The scientific method states that the responsibility of a trader is to explain why a particular movement in a price took place. This explanation cannot be provided by a simple formula, rather one has to strain out many, many factors that led to the final outcome. Componential analysis is based on the fact that the underlying principles that influence the price movement can be divided into multiple components. These components relate to and interact with each other.

There are two basic components that influence the price; the fundamental data and the human response to this data. These elements can then be divided into further components, for example human nature has led to the creation of methods like lines of support and resistance and moving averages as a way of coping with data in space and time. These ideas can then be divided into further components.

The reason for writing about this is because the way that the price moves in the graphs will inevitably evolve over time. This can be seen in that new methods come and then influence the general trend.
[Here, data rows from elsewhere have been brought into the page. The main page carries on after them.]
text \<open>
  Composition with \<open>\<phi>\<^sub>a\<close> rescales the inner product of \<open>H2\<close> by a multiplier: with the Szego
  kernel \<open>k(z) = 1 / (1 + cnj a * z)\<close> of \<open>- a\<close>,
  \<open>\<langle>F \<circ> \<phi>\<^sub>a, H \<circ> \<phi>\<^sub>a\<rangle> = (1 - \<bar>a\<bar>\<^sup>2) \<langle>k F, k H\<rangle>\<close>.
  For polynomials both sides are integrals over the unit circle, and they agree because both
  measures have the moments \<open>(- a)\<^sup>j\<close>: for the first by the mean value property of \<open>\<phi>\<^sub>a\<^sup>j\<close>, for
  the second (a Poisson kernel) by Cauchy's formula. The identity extends to \<open>H2\<close> by density of
  the Taylor polynomials, since composition with \<open>\<phi>\<^sub>a\<close> is bounded on \<open>H2\<close>.

  Substituting \<open>h = u \<circ> \<phi>\<^sub>a\<close>, the claim \<open>g - c \<perp> (\<Theta> \<circ> \<phi>\<^sub>a) H2\<close> becomes \<open>k (f - c) \<perp> \<Theta> H2\<close>.
  Writing \<open>\<Theta> w = (z + a) X + \<Theta>(-a) w(-a)\<close> with the difference quotient \<open>X\<close> of \<open>\<Theta> w\<close> at \<open>- a\<close>,
  and using \<open>\<langle>k F, (z + a) X\<rangle> = \<langle>F, z X\<rangle>\<close>, the inner product \<open>\<langle>k (f - c), \<Theta> w\<rangle>\<close> equals
  \<open>cnj (w(-a))\<close> times \<open>\<langle>f, z D\<Theta>\<rangle> - (c - f(0)) cnj (\<Theta>(-a))\<close>, where \<open>D\<Theta>\<close> is the difference
  quotient of \<open>\<Theta>\<close> at \<open>- a\<close>; the constant \<open>c\<close> is chosen to make this vanish.
\<close>

section \<open>Taylor coefficients\<close>

lemma taylor_coeff_eq_fps_nth: "taylor_coeff f n = fps_nth (fps_expansion f 0) n"
  by (simp add: taylor_coeff_def fps_expansion_def)

lemma taylor_coeff_of_fps_expansion:
  assumes "f has_fps_expansion F"
  shows "taylor_coeff f n = fps_nth F n"
  using fps_nth_fps_expansion[OF assms] by (simp add: taylor_coeff_def)

lemma holomorphic_on_ball_has_fps_expansion:
  assumes "f holomorphic_on ball 0 r" "0 < r"
  shows "f has_fps_expansion fps_expansion f 0"
  using assms by (intro has_fps_expansion_fps_expansion) auto

lemma taylor_coeff_0: "taylor_coeff f 0 = f 0"
  by (simp add: taylor_coeff_def)

lemma taylor_coeff_const: "taylor_coeff (\<lambda>z. c) n = (if n = 0 then c else 0)"
  using taylor_coeff_of_fps_expansion[OF has_fps_expansion_const[of c]] by simp

lemma taylor_coeff_cong:
  assumes "\<And>z. z \<in> ball 0 r \<Longrightarrow> f z = g z" "0 < r"
  shows "taylor_coeff f n = taylor_coeff g n"
proof -
  have "eventually (\<lambda>z. f z = g z) (nhds 0)"
    using eventually_nhds_in_open[of "ball 0 r" 0] assms by (auto elim!: eventually_mono)
  then show ?thesis
    unfolding taylor_coeff_def using higher_deriv_cong_ev by metis
qed

lemma taylor_coeff_add:
  assumes "f holomorphic_on ball 0 r" "g holomorphic_on ball 0 r" "0 < r"
  shows "taylor_coeff (\<lambda>z. f z + g z) n = taylor_coeff f n + taylor_coeff g n"
  using taylor_coeff_of_fps_expansion[OF has_fps_expansion_add[OF
      holomorphic_on_ball_has_fps_expansion[OF assms(1,3)]
      holomorphic_on_ball_has_fps_expansion[OF assms(2,3)]]]
  by (simp add: taylor_coeff_eq_fps_nth)

lemma taylor_coeff_diff:
  assumes "f holomorphic_on ball 0 r" "g holomorphic_on ball 0 r" "0 < r"
  shows "taylor_coeff (\<lambda>z. f z - g z) n = taylor_coeff f n - taylor_coeff g n"
  using taylor_coeff_of_fps_expansion[OF has_fps_expansion_diff[OF
      holomorphic_on_ball_has_fps_expansion[OF assms(1,3)]
      holomorphic_on_ball_has_fps_expansion[OF assms(2,3)]]]
  by (simp add: taylor_coeff_eq_fps_nth)

lemma taylor_coeff_cmult:
  assumes "f holomorphic_on ball 0 r" "0 < r"
  shows "taylor_coeff (\<lambda>z. c * f z) n = c * taylor_coeff f n"
  using taylor_coeff_of_fps_expansion[OF has_fps_expansion_cmult_left[OF
      holomorphic_on_ball_has_fps_expansion[OF assms]]]
  by (simp add: taylor_coeff_eq_fps_nth)

lemma taylor_coeff_mult_z:
  assumes "f holomorphic_on ball 0 r" "0 < r"
  shows "taylor_coeff (\<lambda>z. z * f z) n = (if n = 0 then 0 else taylor_coeff f (n - 1))"
  using taylor_coeff_of_fps_expansion[OF has_fps_expansion_mult[OF has_fps_expansion_fps_X
      holomorphic_on_ball_has_fps_expansion[OF assms]]]
  by (simp add: taylor_coeff_eq_fps_nth)

lemma taylor_coeff_sums:
  assumes "f holomorphic_on ball 0 r" "norm z < r"
  shows "(\<lambda>n. taylor_coeff f n * z ^ n) sums f z"
  using holomorphic_power_series[OF assms(1), of z] assms(2) by (simp add: taylor_coeff_def)

lemma taylor_coeff_unique:
  assumes "\<And>z. norm z < r \<Longrightarrow> (\<lambda>n. c n * z ^ n) sums f z" "0 < r"
  shows "taylor_coeff f n = c n"
proof -
  have "fps_conv_radius (Abs_fps c) \<ge> r"
    unfolding fps_conv_radius_def
  proof (rule conv_radius_geI_ex)
    fix r' assume "0 < r'" "ereal r' < ereal r"
    then show "\<exists>z. norm z = r' \<and> summable (\<lambda>n. fps_nth (Abs_fps c) n * z ^ n)"
      using assms(1)[of "complex_of_real r'"]
      by (intro exI[of _ "complex_of_real r'"]) (auto dest: sums_summable)
  qed
  then have "0 < fps_conv_radius (Abs_fps c)"
    using assms(2) by (meson ereal_less(2) order.strict_trans2)
  moreover have "\<forall>\<^sub>F z in nhds 0. eval_fps (Abs_fps c) z = f z"
    using eventually_nhds_in_open[of "ball 0 r" 0] assms
    by (auto elim!: eventually_mono simp: eval_fps_def sums_iff)
  ultimately have "f has_fps_expansion Abs_fps c"
    by (auto simp: has_fps_expansion_def)
  then show ?thesis
    using taylor_coeff_of_fps_expansion by fastforce
qed

lemma summable_norm_taylor_coeff:
  assumes "f holomorphic_on ball 0 R" "0 \<le> r" "r < R"
  shows "summable (\<lambda>n. norm (taylor_coeff f n) * r ^ n)"
proof -
  have "conv_radius (taylor_coeff f) \<ge> ereal R"
  proof (rule conv_radius_geI_ex)
    fix r' assume "0 < r'" "ereal r' < ereal R"
    then show "\<exists>z. norm z = r' \<and> summable (\<lambda>n. taylor_coeff f n * z ^ n)"
      using taylor_coeff_sums[OF assms(1), of "complex_of_real r'"]
      by (intro exI[of _ "complex_of_real r'"]) (auto dest: sums_summable)
  qed
  then have "ereal (norm (complex_of_real r)) < conv_radius (taylor_coeff f)"
    using assms(2,3) by (simp add: order.strict_trans2[of _ "ereal R"])
  from abs_summable_in_conv_radius[OF this] show ?thesis
    using assms(2) by (simp add: norm_mult norm_power)
qed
Gann and Elliott appear to have been influential in their time, irrespective of whether their methods ultimately worked. Also new technology influences how people trade, for example the computer has radically reformed the way that people speculate.

Components can also evolve due to conflictions in methods. Imagine a pair which is significantly influenced by lines of support and resistance and where the 100 moving average is also used. A situation arises one day where the prices utilize a line of support below and the 100 moving average as a line of resistance above. Slowly these two converge and the trader has to make a decision which one is more important. Fundamental analysis may come into play, but a shift in priorities may be indicated if the price bounces off of the moving average and moves through the line of support. If this becomes a repetitive event, then traders will come to understand that there has been an adjustment to the technical analytical framework; the moving average has become more important than lines of resistance/support. This then leads traders to insecurity about the significance of these lines to trading and the whole character of a particular pair can become unstable until consistent results are revealed in the graphs.

A real example can be seen in the article on MACD in Wikipedia. The author says that in the 80′s, this tool was very useful, but more recently it has has been prone to whipsaw, meaning that the price goes in the opposite way than what you would expect. In the one currency pair that I focus on, the reason for this is because another indicator has taken priority over MACD.

The conclusion of this exploration is that traders should be particularly sensitive to the underlying components that influence the price movements in a graph. They should try and have an explanation for as many features of the graph as possible. There also needs to be a monitoring of new additions to, or changes in priorities in the underlying principles.